(* Let $\mathcal V$ be a finite vocabulary, $C\ge 2$, $\gamma\in\mathbb R$, and let $s,v:\mathcal V\to\mathbb R$ be unknown maps satisfying $\sum_{\tau\in\mathcal V}s(\tau)=\gamma$. Let $G(\mathbf t)=F^{\mathrm{SLALOM}}_{s,v}(\mathbf t)$ for all sequences $\mathbf t$ over $\mathcal V$ with $1\le|\mathbf t|\le C$, and assume $G$ is non-constant on this set of sequences. Then, given $\gamma$ and query access to $G$, the maps $s$ and $v$ can be recovered exactly using $2|\mathcal V|-1$ queries of $G$, all on sequences of length at most $2$ (the queried sequences may be chosen adaptively based on previous answers). In particular, $s$ and $v$ are uniquely determined by $G$ together with $\gamma$.
   Context: SLALOM (Softmax-Linked Additive Log Odds Model): given a token importance map $s:\mathcal V\to\mathbb R$ and a token value map $v:\mathcal V\to\mathbb R$, for a sequence $\mathbf t$ define $\alpha_i(\mathbf t)=\exp(s(t_i))/\sum_{j=1}^{|\mathbf t|}\exp(s(t_j))$ and $F^{\mathrm{SLALOM}}_{s,v}(\mathbf t)=\sum_{i=1}^{|\mathbf t|}\alpha_i(\mathbf t)\,v(t_i)$ (sums over positions, counting repeated tokens with multiplicity). The normalization constraint is $\sum_{\tau\in\mathcal V}s(\tau)=\gamma$ for a fixed user-chosen $\gamma\in\mathbb R$. *)

theory Defs
  imports Complex_Main
begin

definition slalom_alpha :: "('a \<Rightarrow> real) \<Rightarrow> 'a list \<Rightarrow> nat \<Rightarrow> real" where
  "slalom_alpha s t i = exp (s (t ! i)) / (\<Sum>j<length t. exp (s (t ! j)))"

definition slalom :: "('a \<Rightarrow> real) \<Rightarrow> ('a \<Rightarrow> real) \<Rightarrow> 'a list \<Rightarrow> real" where
  "slalom s v t = (\<Sum>i<length t. slalom_alpha s t i * v (t ! i))"

text \<open>Adaptive query strategies: a decision tree that either outputs a result, or
  queries the oracle on a sequence and continues depending on the answer.\<close>

datatype ('a, 'b) qtree = Leaf 'b | Query "'a list" "real \<Rightarrow> ('a, 'b) qtree"

primrec run :: "('a list \<Rightarrow> real) \<Rightarrow> ('a, 'b) qtree \<Rightarrow> 'b" where
  "run G (Leaf b) = b"
| "run G (Query t k) = run G (k (G t))"

primrec queries :: "('a list \<Rightarrow> real) \<Rightarrow> ('a, 'b) qtree \<Rightarrow> 'a list list" where
  "queries G (Leaf b) = []"
| "queries G (Query t k) = t # queries G (k (G t))"

end

theory Submission
  imports Defs
begin

text \<open>Singleton queries reveal \<open>v\<close> directly, so a non-constant output forces two tokens
  \<open>a, b\<close> with \<open>v a \<noteq> v b\<close>. For a pair with distinct values, \<open>G [x, y]\<close> is a strict convex
  combination of \<open>v x\<close> and \<open>v y\<close> with weight \<open>\<sigma>(s x - s y)\<close> on \<open>v x\<close>, so its log-odds give
  \<open>s x - s y\<close>. Every other token \<open>c\<close> differs in value from \<open>a\<close> or from \<open>b\<close>; one pair query
  then fixes \<open>s c - s a\<close>, and the normalisation \<open>\<Sum> s = \<gamma>\<close> fixes \<open>s a\<close>. This costs
  \<open>|V|\<close> singleton queries and \<open>|V| - 1\<close> pair queries.\<close>

fun query_fun :: "'a list list \<Rightarrow> (('a list \<Rightarrow> real) \<Rightarrow> ('a, 'b) qtree) \<Rightarrow> ('a, 'b) qtree" where
  "query_fun [] k = k (\<lambda>_. 0)"
| "query_fun (t # ts) k = Query t (\<lambda>x. query_fun ts (\<lambda>g. k (g(t := x))))"

lemma run_query_fun:
  "run G (query_fun ts k) = run G (k (\<lambda>t. if t \<in> set ts then G t else 0))"
proof (induction ts arbitrary: k)
  case (Cons t ts)
  have "(\<lambda>u. if u \<in> set ts then G u else 0)(t := G t) = (\<lambda>u. if u \<in> set (t # ts) then G u else 0)"
    by auto
  then show ?case using Cons.IH by simp
qed simp

lemma queries_query_fun:
  "queries G (query_fun ts k) = ts @ queries G (k (\<lambda>t. if t \<in> set ts then G t else 0))"
proof (induction ts arbitrary: k)
  case (Cons t ts)
  have "(\<lambda>u. if u \<in> set ts then G u else 0)(t := G t) = (\<lambda>u. if u \<in> set (t # ts) then G u else 0)"
    by auto
  then show ?case using Cons.IH by simp
qed simp

lemma slalom_singleton: "slalom s v [a] = v a"
  by (simp add: slalom_def slalom_alpha_def)

lemma slalom_pair:
  "slalom s v [x, y] = (exp (s x) * v x + exp (s y) * v y) / (exp (s x) + exp (s y))"
  by (simp add: slalom_def slalom_alpha_def lessThan_Suc numeral_2_eq_2 add_divide_distrib
      add.commute)

lemma slalom_const_value:
  assumes "t \<noteq> []"
  shows "slalom s (\<lambda>_. k) t = k"
proof -
  let ?Z = "\<Sum>j<length t. exp (s (t ! j))"
  have "?Z > 0"
    using assms by (intro sum_pos) (auto simp: lessThan_empty_iff)
  moreover have "slalom s (\<lambda>_. k) t = k * ?Z / ?Z"
    by (simp add: slalom_def slalom_alpha_def sum_divide_distrib sum_distrib_left mult.commute)
  ultimately show ?thesis
    by simp
qed

lemma slalom_nonconstant_value:
  assumes "t1 \<noteq> []" "t2 \<noteq> []" "slalom s v t1 \<noteq> slalom s v t2"
  shows "\<exists>x y. v x \<noteq> v y"
proof (rule ccontr)
  assume "\<not> (\<exists>x y. v x \<noteq> v y)"
  then have "v = (\<lambda>_. v undefined)"
    by auto
  then show False
    using assms slalom_const_value by metis
qed

definition pair_log_odds :: "('a \<Rightarrow> real) \<Rightarrow> real \<Rightarrow> 'a \<Rightarrow> 'a \<Rightarrow> real" where
  "pair_log_odds v g x y = (let p = (g - v y) / (v x - v y) in ln (p / (1 - p)))"

lemma pair_log_odds_slalom:
  assumes "v x \<noteq> v y"
  shows "pair_log_odds v (slalom s v [x, y]) x y = s x - s y"
proof -
  define Z where "Z = exp (s x) + exp (s y)"
  have "Z > 0"
    unfolding Z_def by (simp add: add_pos_pos)
  have weight: "(slalom s v [x, y] - v y) / (v x - v y) = exp (s x) / Z"
  proof -
    have "slalom s v [x, y] - v y = exp (s x) * (v x - v y) / Z"
      using \<open>Z > 0\<close> unfolding slalom_pair Z_def[symmetric] by (simp add: field_simps Z_def)
    then show ?thesis
      using assms by simp
  qed
  have "1 - exp (s x) / Z = exp (s y) / Z"
    using \<open>Z > 0\<close> by (simp add: field_simps Z_def)
  moreover have "exp (s x) / Z / (exp (s y) / Z) = exp (s x - s y)"
    using \<open>Z > 0\<close> by (simp add: exp_diff)
  ultimately show ?thesis
    unfolding pair_log_odds_def Let_def weight by simp
qed

text \<open>Since \<open>v a \<noteq> v b\<close>, the partner of \<open>c\<close> has a value different from \<open>v c\<close>.\<close>

definition partner :: "('a \<Rightarrow> real) \<Rightarrow> 'a \<Rightarrow> 'a \<Rightarrow> 'a \<Rightarrow> 'a" where
  "partner v a b c = (if v c \<noteq> v a then a else b)"

definition score_offset :: "('a \<Rightarrow> real) \<Rightarrow> 'a \<Rightarrow> 'a \<Rightarrow> ('a list \<Rightarrow> real) \<Rightarrow> 'a \<Rightarrow> real" where
  "score_offset v a b g c =
    (if c = a then 0
     else if c = b then - pair_log_odds v (g [a, b]) a b
     else if v c \<noteq> v a then pair_log_odds v (g [c, a]) c a
     else pair_log_odds v (g [c, b]) c b - pair_log_odds v (g [a, b]) a b)"

definition pair_queries :: "('a \<Rightarrow> real) \<Rightarrow> 'a \<Rightarrow> 'a \<Rightarrow> 'a list \<Rightarrow> 'a list list" where
  "pair_queries v a b cs = [a, b] # map (\<lambda>c. [c, partner v a b c]) (filter (\<lambda>c. c \<noteq> a \<and> c \<noteq> b) cs)"

lemma score_offset_eq:
  assumes "v a \<noteq> v b" "c \<in> set cs" "\<forall>t \<in> set (pair_queries v a b cs). g t = slalom s v t"
  shows "score_offset v a b g c = s c - s a"
proof -
  have "g [a, b] = slalom s v [a, b]"
    using assms(3) by (simp add: pair_queries_def)
  then have ab: "pair_log_odds v (g [a, b]) a b = s a - s b"
    using pair_log_odds_slalom[of v a b s, OF assms(1)] by simp
  consider "c = a" | "c = b" | "c \<noteq> a" "c \<noteq> b" "v c \<noteq> v a" | "c \<noteq> a" "c \<noteq> b" "v c = v a"
    by blast
  then show ?thesis
  proof cases
    case 3
    then have "g [c, a] = slalom s v [c, a]"
      using assms(2,3) by (auto simp: pair_queries_def partner_def)
    then show ?thesis
      using 3 pair_log_odds_slalom[of v c a s] by (simp add: score_offset_def)
  next
    case 4
    then have "g [c, b] = slalom s v [c, b]"
      using assms(2,3) by (auto simp: pair_queries_def partner_def)
    then show ?thesis
      using 4 assms(1) ab pair_log_odds_slalom[of v c b s] by (simp add: score_offset_def)
  qed (use ab in \<open>auto simp: score_offset_def\<close>)
qed

definition recover_scores ::
  "real \<Rightarrow> ('a::finite \<Rightarrow> real) \<Rightarrow> 'a \<Rightarrow> 'a \<Rightarrow> ('a list \<Rightarrow> real) \<Rightarrow> 'a \<Rightarrow> real" where
  "recover_scores \<gamma> v a b g c =
    (\<gamma> - (\<Sum>d\<in>UNIV. score_offset v a b g d)) / card (UNIV :: 'a set) + score_offset v a b g c"

lemma recover_scores_eq:
  fixes s :: "'a::finite \<Rightarrow> real"
  assumes "v a \<noteq> v b" "set cs = UNIV" "\<forall>t \<in> set (pair_queries v a b cs). g t = slalom s v t"
    and "(\<Sum>\<tau>\<in>UNIV. s \<tau>) = \<gamma>"
  shows "recover_scores \<gamma> v a b g = s"
proof
  fix c
  have offset: "score_offset v a b g d = s d - s a" for d
    using score_offset_eq[OF assms(1) _ assms(3)] assms(2) by blast
  have "(\<Sum>d\<in>UNIV. score_offset v a b g d) = \<gamma> - card (UNIV :: 'a set) * s a"
    unfolding offset using assms(4) by (simp add: sum_subtractf)
  then have "(\<gamma> - (\<Sum>d\<in>UNIV. score_offset v a b g d)) / card (UNIV :: 'a set) = s a"
    by (simp add: finite_UNIV_card_ge_0)
  then show "recover_scores \<gamma> v a b g c = s c"
    unfolding recover_scores_def offset by simp
qed

lemma length_pair_queries:
  fixes cs :: "'a list"
  assumes "a \<noteq> b" "distinct cs" "set cs = UNIV"
  shows "length (pair_queries v a b cs) = card (UNIV :: 'a set) - 1"
proof -
  have "{c. c \<noteq> a \<and> c \<noteq> b} \<inter> set cs = UNIV - {a, b}"
    using assms(3) by auto
  then have "length (filter (\<lambda>c. c \<noteq> a \<and> c \<noteq> b) cs) = card (UNIV - {a, b})"
    by (simp only: distinct_length_filter[OF assms(2)])
  moreover have "finite (UNIV :: 'a set)"
    using finite_set[of cs] assms(3) by simp
  then have "card {a, b} \<le> card (UNIV :: 'a set)"
    by (rule card_mono) simp
  ultimately show ?thesis
    using assms(1) by (simp add: pair_queries_def card_Diff_subset)
qed

definition univ_list :: "'a::finite list" where
  "univ_list = (SOME xs. distinct xs \<and> set xs = UNIV)"

lemma univ_list: "distinct (univ_list :: 'a::finite list)" "set (univ_list :: 'a list) = UNIV"
proof -
  have "\<exists>xs :: 'a list. distinct xs \<and> set xs = UNIV"
    using finite_distinct_list finite_UNIV by metis
  from someI_ex[OF this] show "distinct (univ_list :: 'a list)" "set (univ_list :: 'a list) = UNIV"
    unfolding univ_list_def by auto
qed

definition gap_pair :: "('a \<Rightarrow> real) \<Rightarrow> 'a \<times> 'a" where
  "gap_pair v = (SOME p. v (fst p) \<noteq> v (snd p))"

lemma gap_pair:
  assumes "v x \<noteq> v y"
  shows "v (fst (gap_pair v)) \<noteq> v (snd (gap_pair v))"
  unfolding gap_pair_def by (rule someI[of _ "(x, y)"]) (use assms in simp)

definition recovery_tree :: "real \<Rightarrow> ('a::finite, ('a \<Rightarrow> real) \<times> ('a \<Rightarrow> real)) qtree" where
  "recovery_tree \<gamma> = query_fun (map (\<lambda>a. [a]) univ_list) (\<lambda>g.
     let v = (\<lambda>a. g [a]); (a, b) = gap_pair v in
     query_fun (pair_queries v a b univ_list) (\<lambda>h. Leaf (recover_scores \<gamma> v a b h, v)))"

lemma recovery_tree_on_slalom:
  fixes s v :: "'a::finite \<Rightarrow> real"
  defines "a \<equiv> fst (gap_pair v)" and "b \<equiv> snd (gap_pair v)"
  defines "P \<equiv> pair_queries v a b univ_list"
  shows "run (slalom s v) (recovery_tree \<gamma>)
           = (recover_scores \<gamma> v a b (\<lambda>t. if t \<in> set P then slalom s v t else 0), v)"
    and "queries (slalom s v) (recovery_tree \<gamma>) = map (\<lambda>a. [a]) univ_list @ P"
proof -
  have "(\<lambda>c. if [c] \<in> set (map (\<lambda>a. [a]) univ_list) then slalom s v [c] else 0) = v"
    by (auto simp: univ_list slalom_singleton)
  then show "run (slalom s v) (recovery_tree \<gamma>)
           = (recover_scores \<gamma> v a b (\<lambda>t. if t \<in> set P then slalom s v t else 0), v)"
    and "queries (slalom s v) (recovery_tree \<gamma>) = map (\<lambda>a. [a]) univ_list @ P"
    by (simp_all add: recovery_tree_def run_query_fun queries_query_fun case_prod_beta
        a_def b_def P_def)
qed

theorem proposition5p2:
  fixes \<gamma> :: real and C :: nat
  assumes "C \<ge> 2"
  shows "\<exists>T :: ('a::finite, ('a \<Rightarrow> real) \<times> ('a \<Rightarrow> real)) qtree.
    \<forall>s v :: 'a \<Rightarrow> real.
      (\<Sum>\<tau>\<in>UNIV. s \<tau>) = \<gamma> \<longrightarrow>
      (\<exists>t1 t2. 1 \<le> length t1 \<and> length t1 \<le> C \<and> 1 \<le> length t2 \<and> length t2 \<le> C
               \<and> slalom s v t1 \<noteq> slalom s v t2) \<longrightarrow>
      run (slalom s v) T = (s, v)
      \<and> length (queries (slalom s v) T) \<le> 2 * card (UNIV :: 'a set) - 1
      \<and> (\<forall>t\<in>set (queries (slalom s v) T). 1 \<le> length t \<and> length t \<le> 2)"
proof (intro exI[of _ "recovery_tree \<gamma>"] allI impI)
  fix s v :: "'a \<Rightarrow> real"
  assume sum: "(\<Sum>\<tau>\<in>UNIV. s \<tau>) = \<gamma>"
  assume "\<exists>t1 t2. 1 \<le> length t1 \<and> length t1 \<le> C \<and> 1 \<le> length t2 \<and> length t2 \<le> C
               \<and> slalom s v t1 \<noteq> slalom s v t2"
  then obtain x y where "v x \<noteq> v y"
    using slalom_nonconstant_value by (metis list.size(3) not_one_le_zero)
  define a b where "a = fst (gap_pair v)" and "b = snd (gap_pair v)"
  define P where "P = pair_queries v a b univ_list"
  have "v a \<noteq> v b"
    unfolding a_def b_def using gap_pair[of v x y, OF \<open>v x \<noteq> v y\<close>] .
  then have "length P = card (UNIV :: 'a set) - 1"
    unfolding P_def by (intro length_pair_queries univ_list) auto
  moreover have "recover_scores \<gamma> v a b (\<lambda>t. if t \<in> set P then slalom s v t else 0) = s"
    using recover_scores_eq[OF \<open>v a \<noteq> v b\<close> univ_list(2) _ sum] by (simp add: P_def)
  moreover have "length (univ_list :: 'a list) = card (UNIV :: 'a set)"
    by (metis distinct_card univ_list)
  moreover have "\<forall>t \<in> set P. length t = 2"
    by (auto simp: P_def pair_queries_def)
  ultimately show "run (slalom s v) (recovery_tree \<gamma>) = (s, v)
      \<and> length (queries (slalom s v) (recovery_tree \<gamma>)) \<le> 2 * card (UNIV :: 'a set) - 1
      \<and> (\<forall>t\<in>set (queries (slalom s v) (recovery_tree \<gamma>)). 1 \<le> length t \<and> length t \<le> 2)"
    unfolding recovery_tree_on_slalom a_def[symmetric] b_def[symmetric] P_def[symmetric]
    by (auto simp: univ_list finite_UNIV_card_ge_0)
qed

end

____

# Exercise brief
Where a line in the records above contains the string "tokens", copy that line.

# Written reply
   Context: SLALOM (Softmax-Linked Additive Log Odds Model): given a token importance map $s:\mathcal V\to\mathbb R$ and a token value map $v:\mathcal V\to\mathbb R$, for a sequence $\mathbf t$ define $\alpha_i(\mathbf t)=\exp(s(t_i))/\sum_{j=1}^{|\mathbf t|}\exp(s(t_j))$ and $F^{\mathrm{SLALOM}}_{s,v}(\mathbf t)=\sum_{i=1}^{|\mathbf t|}\alpha_i(\mathbf t)\,v(t_i)$ (sums over positions, counting repeated tokens with multiplicity). The normalization constraint is $\sum_{\tau\in\mathcal V}s(\tau)=\gamma$ for a fixed user-chosen $\gamma\in\mathbb R$. *)
text \<open>Singleton queries reveal \<open>v\<close> directly, so a non-constant output forces two tokens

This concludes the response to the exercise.